■ TASK DESCRIPTION: Retrieve all lines below that have the string "shows".

━━━━━ PROVIDED MATERIAL

lemma actS_zero_follower:
  assumes "\<gamma> 1 = zero_policy 1"
  shows "actS (leader_follower f) \<gamma> \<zeta> = (\<lambda>_. 0)(0 := \<gamma> 0 (\<lambda>_. 0))"
  using assms by (simp add: actS_leader_follower zero_policy_def fun_upd_idem)

lemma cost_leader_follower:
  "cost (leader_follower f) A \<gamma> i = (if i = 0 then f (A \<gamma> (\<lambda>_. 0)) else 0)"
  by (simp add: cost_return_pmf)

lemma powerless_leader_equilibrium:
  assumes "admissible \<gamma>"
    and powerless: "\<And>\<gamma>'. \<gamma>' 1 = \<gamma> 1 \<Longrightarrow> f (A \<gamma>' (\<lambda>_. 0)) = f (A \<gamma> (\<lambda>_. 0))"
  shows "PL_NE (leader_follower f) A \<gamma>" and "stationary (leader_follower f) A Obs \<gamma>"
proof -
  show "PL_NE (leader_follower f) A \<gamma>"
    unfolding PL_NE_def
  proof (intro conjI allI impI)
    fix i \<gamma>'
    assume "admissible \<gamma>' \<and> (\<forall>d<nDM (leader_follower f). pl (leader_follower f) d \<noteq> i \<longrightarrow> \<gamma>' d = \<gamma> d)"
    then have "i = 0 \<Longrightarrow> \<gamma>' 1 = \<gamma> 1"
      by simp
    then show "cost (leader_follower f) A \<gamma> i \<le> cost (leader_follower f) A \<gamma>' i"
      using powerless[of \<gamma>'] by (simp add: cost_leader_follower)
  qed (fact assms(1))
  have "(\<lambda>a. cc (leader_follower f) d 0 (A (\<gamma>(d := (\<lambda>_. a))) (\<lambda>_. 0))) =
        (\<lambda>a. if d = 0 then f (A \<gamma> (\<lambda>_. 0)) else 0)" for d
    using powerless[of "\<gamma>(0 := _)"] by auto
  then have "((\<lambda>a. cc (leader_follower f) d 0 (A (\<gamma>(d := (\<lambda>_. a))) (\<lambda>_. 0))) has_real_derivative 0) (at x)"
    for d x
    by simp
  then show "stationary (leader_follower f) A Obs \<gamma>"
    using assms(1) by (simp add: stationary_return_pmf_iff)
qed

━━━━━━━━━━

■ EXERCISE SOLUTION:
  shows "actS (leader_follower f) \<gamma> \<zeta> = (\<lambda>_. 0)(0 := \<gamma> 0 (\<lambda>_. 0))"
  shows "PL_NE (leader_follower f) A \<gamma>" and "stationary (leader_follower f) A Obs \<gamma>"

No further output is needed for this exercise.